Similar warnings, Wit pointed out, were made by the Council on Foreign Relations (CFR) last month, which called for the next U.S. president to prioritize North Korea as a critical national security issue.

“There will be more tests beginning in the first half of next year, and we will have to respond in tough ways,” he pointed out. “We need to be thinking about how to move out quickly beginning next year in trying to deal with this problem before it gets out of control.”



Q. How likely is it for North Korea to launch a long-range rocket or conduct a nuclear test?

A. It can happen any time. Certainly at the nuclear test site, I think most of us believe that if they wanted to conduct a test, they could do it very quickly. They’ve prepared for it. At the rocket launch site, and this is talking about the space launch vehicles… there’s a certain amount of warning you’ll get, more than at a nuclear test site.

It may not be on Nov. 8 [to coincide with the U.S. presidential elections]. It may be later in November, early in December, during January, during the [presidential] transition in the United States. It’s possible, but I really have no way of predicting.

The United States emphasizes that China needs to play a larger role.

China has different interests than we do. One of its interests is denuclearization, but it has other interests. As everyone knows, other interests - stability on its border, having North Korea as a buffer against South Korea and the United States - those are much more important interests to China. So why do we think that because we ask it to that China is going to change its national interest to satisfy us? It’s just not going to happen.

So the point here is that we shouldn’t be relying on China, we shouldn’t be subcontracting our policy to China. The United States should be the central player here, and we are the indispensable player in this whole issue: we should be playing that role - and we’re not.



Is there a solution to this?

I think it’s very straightforward. Our priority is and always should be the denuclearization of the Korean Peninsula. We should have a nuclear-free Korean Peninsula. We should never change from that priority. Secondly, in reaching that long term objective, it can’t be done overnight. It has to be done in phases.

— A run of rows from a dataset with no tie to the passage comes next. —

(* For every $m\ge1$ and every probability mass function $(g_k)_{k\in\mathbb Z}$ of a sum of $m$ independent Bernoulli random variables (extended by $0$ outside $\{0,\ldots,m\}$), $$g_{k-1}g_k^2-2g_{k-1}^2g_{k+1}+g_kg_{k+1}g_{k-2}\ge0\quad\text{for all }k\in\mathbb Z.$$ *)

theory Defs
  imports "HOL-Probability.Probability"
begin

text \<open>Distribution of the sum of independent Bernoulli random variables with
success probabilities ps (as an int-valued pmf, so its pmf is 0 outside 0..length ps).\<close>
definition bernoulli_sum_pmf :: "real list \<Rightarrow> int pmf" where
  "bernoulli_sum_pmf ps =
     foldr (\<lambda>p D. map_pmf (\<lambda>(b, s). (if b then 1 else 0) + s) (pair_pmf (bernoulli_pmf p) D))
           ps (return_pmf 0)"

end

theory Submission
  imports Defs
begin

text \<open>Adding one Bernoulli(p) summand turns the pmf g into the mixture
  (1 - p) g(k) + p g(k - 1). Induct on the number of summands with the stronger invariant:
  g is nonnegative, has no internal zeros, is log-concave, and satisfies the cubic inequality.
  For the mixture q g(k) + p g(k - 1) the cubic form is a cubic polynomial in (q, p): its
  extreme coefficients are the old cubic forms at k and k - 1, and its two middle coefficients
  are nonnegative by explicit identities expressing them (after multiplication by a positive
  factor) as nonnegative combinations of the old cubic forms and log-concavity defects.\<close>

definition shift_mix :: "real \<Rightarrow> real \<Rightarrow> (int \<Rightarrow> real) \<Rightarrow> int \<Rightarrow> real" where
  "shift_mix q p g k = q * g k + p * g (k - 1)"

definition cubic_form :: "real \<Rightarrow> real \<Rightarrow> real \<Rightarrow> real \<Rightarrow> real" where
  "cubic_form a b c d = b * c^2 - 2 * b^2 * d + a * c * d"

definition nonneg_seq :: "(int \<Rightarrow> real) \<Rightarrow> bool" where
  "nonneg_seq g \<longleftrightarrow> (\<forall>k. 0 \<le> g k)"

definition contiguous_support :: "(int \<Rightarrow> real) \<Rightarrow> bool" where
  "contiguous_support g \<longleftrightarrow> (\<forall>i k j. i \<le> k \<longrightarrow> k \<le> j \<longrightarrow> 0 < g i \<longrightarrow> 0 < g j \<longrightarrow> 0 < g k)"

definition log_concave_seq :: "(int \<Rightarrow> real) \<Rightarrow> bool" where
  "log_concave_seq g \<longleftrightarrow> (\<forall>k. g (k - 1) * g (k + 1) \<le> (g k)^2)"

definition cubic_nonneg_seq :: "(int \<Rightarrow> real) \<Rightarrow> bool" where
  "cubic_nonneg_seq g \<longleftrightarrow> (\<forall>k. 0 \<le> cubic_form (g (k - 2)) (g (k - 1)) (g k) (g (k + 1)))"

lemma pmf_bernoulli_sum_Nil: "pmf (bernoulli_sum_pmf []) k = (if k = 0 then 1 else 0)"
  by (simp add: bernoulli_sum_pmf_def pmf_return)

lemma pmf_bernoulli_sum_Cons:
  assumes "0 \<le> p" "p \<le> 1"
  shows "pmf (bernoulli_sum_pmf (p # ps)) = shift_mix (1 - p) p (pmf (bernoulli_sum_pmf ps))"
proof
  fix k
  define D where "D = bernoulli_sum_pmf ps"
  have bind: "bernoulli_sum_pmf (p # ps) =
      bind_pmf (bernoulli_pmf p) (\<lambda>b. map_pmf (\<lambda>s. (if b then 1 else 0) + s) D)"
    by (simp add: bernoulli_sum_pmf_def D_def pair_pmf_def map_bind_pmf map_pmf_def
        bind_assoc_pmf bind_return_pmf)
  have "(+) (0::int) = id"
    by auto
  then have no_shift: "pmf (map_pmf ((+) 0) D) k = pmf D k"
    by simp
  have shift: "pmf (map_pmf ((+) 1) D) k = pmf D (k - 1)"
    using pmf_map_inj'[of "(+) (1::int)" D "k - 1"] by (simp add: inj_def)
  have "pmf (bernoulli_sum_pmf (p # ps)) k
      = pmf (map_pmf ((+) 1) D) k * p + pmf (map_pmf ((+) 0) D) k * (1 - p)"
    unfolding bind pmf_bind using assms by (simp add: if_distrib cong: if_cong)
  then show "pmf (bernoulli_sum_pmf (p # ps)) k = shift_mix (1 - p) p (pmf D) k"
    using shift no_shift by (simp add: shift_mix_def D_def algebra_simps)
qed

lemma cross_product_le:
  fixes a b c d :: real
  assumes "0 \<le> a" "0 \<le> b" "0 \<le> c" "0 \<le> d"
    and "a * c \<le> b^2" "b * d \<le> c^2"
    and "b = 0 \<Longrightarrow> c = 0 \<Longrightarrow> a * d = 0"
  shows "a * d \<le> b * c"
proof (cases "b = 0")
  case False
  have "b * (b * c - a * d) = c * (b^2 - a * c) + a * (c^2 - b * d)"
    by (simp add: power2_eq_square algebra_simps)
  then have "0 \<le> b * (b * c - a * d)"
    using assms by simp
  then show ?thesis
    using False assms by (simp add: zero_le_mult_iff)
next
  case b0: True
  show ?thesis
  proof (cases "c = 0")
    case True
    then show ?thesis using b0 assms by auto
  next
    case False
    have "c * (b * c - a * d) = b * (c^2 - b * d) + d * (b^2 - a * c)"
      by (simp add: power2_eq_square algebra_simps)
    then have "0 \<le> c * (b * c - a * d)"
      using assms by simp
    then show ?thesis
      using False assms by (simp add: zero_le_mult_iff)
  qed
qed

lemma cubic_form_shift_mix:
  fixes q p u a b c d :: real
  shows "cubic_form (q * a + p * u) (q * b + p * a) (q * c + p * b) (q * d + p * c)
    = q^3 * cubic_form a b c d
      + q^2 * p * (2 * a * c^2 - 3 * a * b * d + u * c * d)
      + q * p^2 * (b^3 - a * b * c - 2 * a^2 * d + u * c^2 + u * b * d)
      + p^3 * cubic_form u a b c"
  unfolding cubic_form_def by (simp add: power2_eq_square power3_eq_cube algebra_simps)

lemma cubic_mix_coeff1_nonneg:
  fixes u a b c d :: real
  assumes "0 \<le> u" "0 \<le> a" "0 \<le> b" "0 \<le> c" "0 \<le> d"
    and "0 \<le> cubic_form a b c d" "0 \<le> cubic_form u a b c"
  shows "0 \<le> 2 * a * c^2 - 3 * a * b * d + u * c * d"
proof (cases "b = 0")
  case True
  then show ?thesis using assms by simp
next
  case False
  have "b * (2 * a * c^2 - 3 * a * b * d + u * c * d)
      = 2 * a * cubic_form a b c d + d * cubic_form u a b c"
    unfolding cubic_form_def by (simp add: power2_eq_square algebra_simps)
  then have "0 \<le> b * (2 * a * c^2 - 3 * a * b * d + u * c * d)"
    using assms by simp
  then show ?thesis
    using False assms by (simp add: zero_le_mult_iff)
qed

lemma cubic_mix_coeff2_nonneg:
  fixes u a b c d :: real
  assumes nonneg: "0 \<le> u" "0 \<le> a" "0 \<le> b" "0 \<le> c" "0 \<le> d"
    and lc: "a * c \<le> b^2" "b * d \<le> c^2"
    and cubic: "0 \<le> cubic_form a b c d" "0 \<le> cubic_form u a b c"
    and gap_b: "b = 0 \<Longrightarrow> a * d = 0"
    and gap_c: "c = 0 \<Longrightarrow> b * d = 0"
  shows "0 \<le> b^3 - a * b * c - 2 * a^2 * d + u * c^2 + u * b * d"
proof (cases "b = 0 \<or> c = 0")
  case True
  then show ?thesis using assms by auto
next
  case False
  define l1 l2 f1 f2 where "l1 = b^2 - a * c" and "l2 = c^2 - b * d"
    and "f1 = cubic_form u a b c" and "f2 = cubic_form a b c d"
  have "b^2 * c^2 * (b^3 - a * b * c - 2 * a^2 * d + u * c^2 + u * b * d)
      = d * l1^3 + b * l1^2 * l2 + c * d * l1 * f1 + b * c^3 * f1 + a * c^2 * d * f1 + a^2 * c^2 * f2"
    unfolding l1_def l2_def f1_def f2_def cubic_form_def
    by (simp add: power2_eq_square power3_eq_cube algebra_simps)
  moreover have "0 \<le> l1" "0 \<le> l2" "0 \<le> f1" "0 \<le> f2"
    using lc cubic by (auto simp: l1_def l2_def f1_def f2_def)
  ultimately have "0 \<le> b^2 * c^2 * (b^3 - a * b * c - 2 * a^2 * d + u * c^2 + u * b * d)"
    using nonneg by simp
  moreover have "0 < b^2 * c^2"
    using False by simp
  ultimately show ?thesis
    by (simp add: zero_le_mult_iff)
qed

lemma nonneg_seq_shift_mix:
  assumes "nonneg_seq g" "0 \<le> q" "0 \<le> p"
  shows "nonneg_seq (shift_mix q p g)"
  using assms by (simp add: nonneg_seq_def shift_mix_def)

lemma shift_mix_pos_iff:
  assumes "nonneg_seq g" "0 < q" "0 < p"
  shows "0 < shift_mix q p g x \<longleftrightarrow> 0 < g x \<or> 0 < g (x - 1)"
proof -
  have nonneg: "0 \<le> g x" "0 \<le> g (x - 1)"
    using assms(1) by (simp_all add: nonneg_seq_def)
  show ?thesis
  proof
    assume "0 < shift_mix q p g x"
    then have "g x \<noteq> 0 \<or> g (x - 1) \<noteq> 0"
      by (auto simp: shift_mix_def)
    then show "0 < g x \<or> 0 < g (x - 1)"
      using nonneg by linarith
  next
    assume "0 < g x \<or> 0 < g (x - 1)"
    then show "0 < shift_mix q p g x"
      using nonneg assms(2,3) unfolding shift_mix_def
      by (auto intro: add_pos_nonneg add_nonneg_pos)
  qed
qed

lemma contiguous_support_shift_mix:
  assumes g: "nonneg_seq g" "contiguous_support g" and "0 \<le> q" "0 \<le> p"
  shows "contiguous_support (shift_mix q p g)"
  unfolding contiguous_support_def
proof (intro allI impI)
  fix i k j
  assume ik: "i \<le> k" and kj: "k \<le> j"
    and pos: "0 < shift_mix q p g i" "0 < shift_mix q p g j"
  have interval: "0 < g k'" if "i' \<le> k'" "k' \<le> j'" "0 < g i'" "0 < g j'" for i' k' j'
    using g(2) that unfolding contiguous_support_def by blast
  consider "p = 0" | "q = 0" | "0 < q" "0 < p"
    using assms by linarith
  then show "0 < shift_mix q p g k"
  proof cases
    case 1
    then show ?thesis
      using pos ik kj interval[of i k j] assms(3) by (simp add: shift_mix_def zero_less_mult_iff)
  next
    case 2
    then show ?thesis
      using pos ik kj interval[of "i - 1" "k - 1" "j - 1"] assms(4)
      by (simp add: shift_mix_def zero_less_mult_iff)
  next
    case 3
    note iff = shift_mix_pos_iff[OF g(1) 3]
    obtain i' where i': "i' \<in> {i - 1, i}" "0 < g i'"
      using pos(1) iff[of i] by blast
    obtain j' where j': "j' \<in> {j - 1, j}" "0 < g j'"
      using pos(2) iff[of j] by blast
    show ?thesis
    proof (cases "k \<le> j'")
      case True
      moreover have "i' \<le> k"
        using i'(1) ik by auto
      ultimately have "0 < g k"
        using interval[of i' k j'] i'(2) j'(2) by simp
      then show ?thesis
        using iff by simp
    next
      case False
      then have "k - 1 = j'" using j' kj by auto
      then show ?thesis using iff j' by simp
    qed
  qed
qed

lemma contiguous_support_gap:
  assumes "nonneg_seq g" "contiguous_support g" "i < k" "k < j" "g k = 0"
  shows "g i * g j = 0"
proof (rule ccontr)
  assume "g i * g j \<noteq> 0"
  then have "0 < g i" "0 < g j"
    using assms(1) by (auto simp: nonneg_seq_def less_le)
  then have "0 < g k"
    using assms(2-4) unfolding contiguous_support_def by (meson less_imp_le)
  with assms(5) show False by simp
qed

lemma log_concave_seq_window:
  assumes "log_concave_seq g"
  shows "g (k - 2) * g k \<le> (g (k - 1))^2" "g (k - 1) * g (k + 1) \<le> (g k)^2"
proof -
  have "g (k - 1 - 1) * g (k - 1 + 1) \<le> (g (k - 1))^2"
    using assms unfolding log_concave_seq_def by blast
  then show "g (k - 2) * g k \<le> (g (k - 1))^2"
    by simp
  show "g (k - 1) * g (k + 1) \<le> (g k)^2"
    using assms unfolding log_concave_seq_def by blast
qed

lemma log_concave_seq_shift_mix:
  assumes g: "nonneg_seq g" "contiguous_support g" "log_concave_seq g"
    and q: "0 \<le> q" and p: "0 \<le> p"
  shows "log_concave_seq (shift_mix q p g)"
  unfolding log_concave_seq_def
proof
  fix k
  define a b c d where "a = g (k - 2)" and "b = g (k - 1)" and "c = g k" and "d = g (k + 1)"
  have nonneg: "0 \<le> a" "0 \<le> b" "0 \<le> c" "0 \<le> d"
    using g(1) by (simp_all add: nonneg_seq_def a_def b_def c_def d_def)
  have lc: "a * c \<le> b^2" "b * d \<le> c^2"
    using log_concave_seq_window[OF g(3)] by (simp_all add: a_def b_def c_def d_def)
  have cross: "a * d \<le> b * c"
  proof (rule cross_product_le[OF nonneg lc])
    assume "b = 0"
    then show "a * d = 0"
      using contiguous_support_gap[OF g(1,2), of "k - 2" "k - 1" "k + 1"]
      by (simp add: a_def b_def d_def)
  qed
  moreover have "(shift_mix q p g k)^2 - shift_mix q p g (k - 1) * shift_mix q p g (k + 1)
      = q^2 * (c^2 - b * d) + p * q * (b * c - a * d) + p^2 * (b^2 - a * c)"
    by (simp add: shift_mix_def a_def b_def c_def d_def power2_eq_square algebra_simps)
  moreover have "0 \<le> q^2 * (c^2 - b * d) + p * q * (b * c - a * d) + p^2 * (b^2 - a * c)"
    using cross lc p q by (intro add_nonneg_nonneg mult_nonneg_nonneg) auto
  ultimately show "shift_mix q p g (k - 1) * shift_mix q p g (k + 1) \<le> (shift_mix q p g k)^2"
    by linarith
qed

lemma cubic_nonneg_seq_shift_mix:
  assumes g: "nonneg_seq g" "contiguous_support g" "log_concave_seq g" "cubic_nonneg_seq g"
    and q: "0 \<le> q" and p: "0 \<le> p"
  shows "cubic_nonneg_seq (shift_mix q p g)"
  unfolding cubic_nonneg_seq_def
proof
  fix k
  define u a b c d where "u = g (k - 3)" and "a = g (k - 2)" and "b = g (k - 1)"
    and "c = g k" and "d = g (k + 1)"
  have nonneg: "0 \<le> u" "0 \<le> a" "0 \<le> b" "0 \<le> c" "0 \<le> d"
    using g(1) by (simp_all add: nonneg_seq_def u_def a_def b_def c_def d_def)
  have lc: "a * c \<le> b^2" "b * d \<le> c^2"
    using log_concave_seq_window[OF g(3)] by (simp_all add: a_def b_def c_def d_def)
  have "0 \<le> cubic_form (g (k - 2)) (g (k - 1)) (g k) (g (k + 1))"
    "0 \<le> cubic_form (g (k - 1 - 2)) (g (k - 1 - 1)) (g (k - 1)) (g (k - 1 + 1))"
    using g(4) unfolding cubic_nonneg_seq_def by blast+
  then have cubic: "0 \<le> cubic_form a b c d" "0 \<le> cubic_form u a b c"
    by (simp_all add: u_def a_def b_def c_def d_def)
  have gap_b: "a * d = 0" if "b = 0"
    using that contiguous_support_gap[OF g(1,2), of "k - 2" "k - 1" "k + 1"]
    by (simp add: a_def b_def d_def)
  have gap_c: "b * d = 0" if "c = 0"
    using that contiguous_support_gap[OF g(1,2), of "k - 1" k "k + 1"]
    by (simp add: b_def c_def d_def)
  have "cubic_form (shift_mix q p g (k - 2)) (shift_mix q p g (k - 1))
      (shift_mix q p g k) (shift_mix q p g (k + 1))
    = cubic_form (q * a + p * u) (q * b + p * a) (q * c + p * b) (q * d + p * c)"
    by (simp add: shift_mix_def u_def a_def b_def c_def d_def algebra_simps)
  also have "\<dots> \<ge> 0"
    unfolding cubic_form_shift_mix
    using q p
    by (intro add_nonneg_nonneg mult_nonneg_nonneg[OF _ cubic(1)] mult_nonneg_nonneg[OF _ cubic(2)]
        mult_nonneg_nonneg[OF _ cubic_mix_coeff1_nonneg[OF nonneg cubic]]
        mult_nonneg_nonneg[OF _ cubic_mix_coeff2_nonneg[OF nonneg lc cubic gap_b gap_c]])
      simp_all
  finally show "0 \<le> cubic_form (shift_mix q p g (k - 2)) (shift_mix q p g (k - 1))
      (shift_mix q p g k) (shift_mix q p g (k + 1))" .
qed

lemma bernoulli_sum_pmf_invariant:
  assumes "\<forall>p\<in>set ps. 0 \<le> p \<and> p \<le> 1"
  defines "g \<equiv> pmf (bernoulli_sum_pmf ps)"
  shows "nonneg_seq g \<and> contiguous_support g \<and> log_concave_seq g \<and> cubic_nonneg_seq g"
  using assms unfolding g_def
proof (induction ps)
  case Nil
  then show ?case
    by (auto simp: pmf_bernoulli_sum_Nil nonneg_seq_def contiguous_support_def
        log_concave_seq_def cubic_nonneg_seq_def cubic_form_def)
next
  case (Cons p ps)
  then have p: "0 \<le> p" "p \<le> 1" by auto
  with Cons show ?case
    by (simp add: pmf_bernoulli_sum_Cons nonneg_seq_shift_mix contiguous_support_shift_mix
        log_concave_seq_shift_mix cubic_nonneg_seq_shift_mix)
qed

theorem theoremA2:
  fixes ps :: "real list" and k :: int
  assumes "length ps \<ge> 1"
    and "\<forall>p\<in>set ps. 0 \<le> p \<and> p \<le> 1"
  shows "pmf (bernoulli_sum_pmf ps) (k - 1) * (pmf (bernoulli_sum_pmf ps) k)^2
         - 2 * (pmf (bernoulli_sum_pmf ps) (k - 1))^2 * pmf (bernoulli_sum_pmf ps) (k + 1)
         + pmf (bernoulli_sum_pmf ps) k * pmf (bernoulli_sum_pmf ps) (k + 1)
           * pmf (bernoulli_sum_pmf ps) (k - 2) \<ge> 0"
proof -
  let ?g = "pmf (bernoulli_sum_pmf ps)"
  have "cubic_nonneg_seq ?g"
    using bernoulli_sum_pmf_invariant[OF assms(2)] by blast
  then have "0 \<le> cubic_form (?g (k - 2)) (?g (k - 1)) (?g k) (?g (k + 1))"
    unfolding cubic_nonneg_seq_def by blast
  then show ?thesis
    unfolding cubic_form_def by (simp add: algebra_simps)
qed

end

The first phase, first logical phase, is to freeze North Korea’s nuclear missile tests, and then gradually negotiate the freeze on its whole nuclear program.

Diplomacy is part of an overall policy… and is one of the tools that need to be more seriously pursued.



The recent CFR report called for the next U.S. president to prioritize the North Korea nuclear issue.

If you see the CFR report very closely, you will find buried in there reference to doing something with joint exercises. So these are not my ideas alone, other people have these ideas too, and I think they’re very pragmatic ideas and as long as you go into these policies with your eyes open and understand who you’re dealing with, then maybe we’ll see some progress.

We did it in 1992 with the large scale Team Spirit exercise, and we did get something in return. And it’s quite possible that if our military may look very closely at this they can find a way of scaling back or modifying the exercises, stopping the momentum of North Korea’s nuclear missile program. That creates a space for us to sit down and talk about more permanent measures.



Can we trust North Korea?

None of us believe that North Korea tells the truth all the time, we’re not that stupid or naive. But the point is that if you scale back or modify an exercise, does that mean you can never go back to what it was before? You can always go back and say, “Oh, gee, they’re not living up to their agreement, so we’re going to go back to our exercises the way they were.” So the steps are reversible.



What do you think about some in South Korea calling for nuclear armaments?

If South Korea seriously moved to build nuclear weapons, the United States would probably abandon it. The United States would probably end the alliance.

It would have an enormously adverse effect on South Korea’s economy, its cooperation in all sorts of areas with other countries.”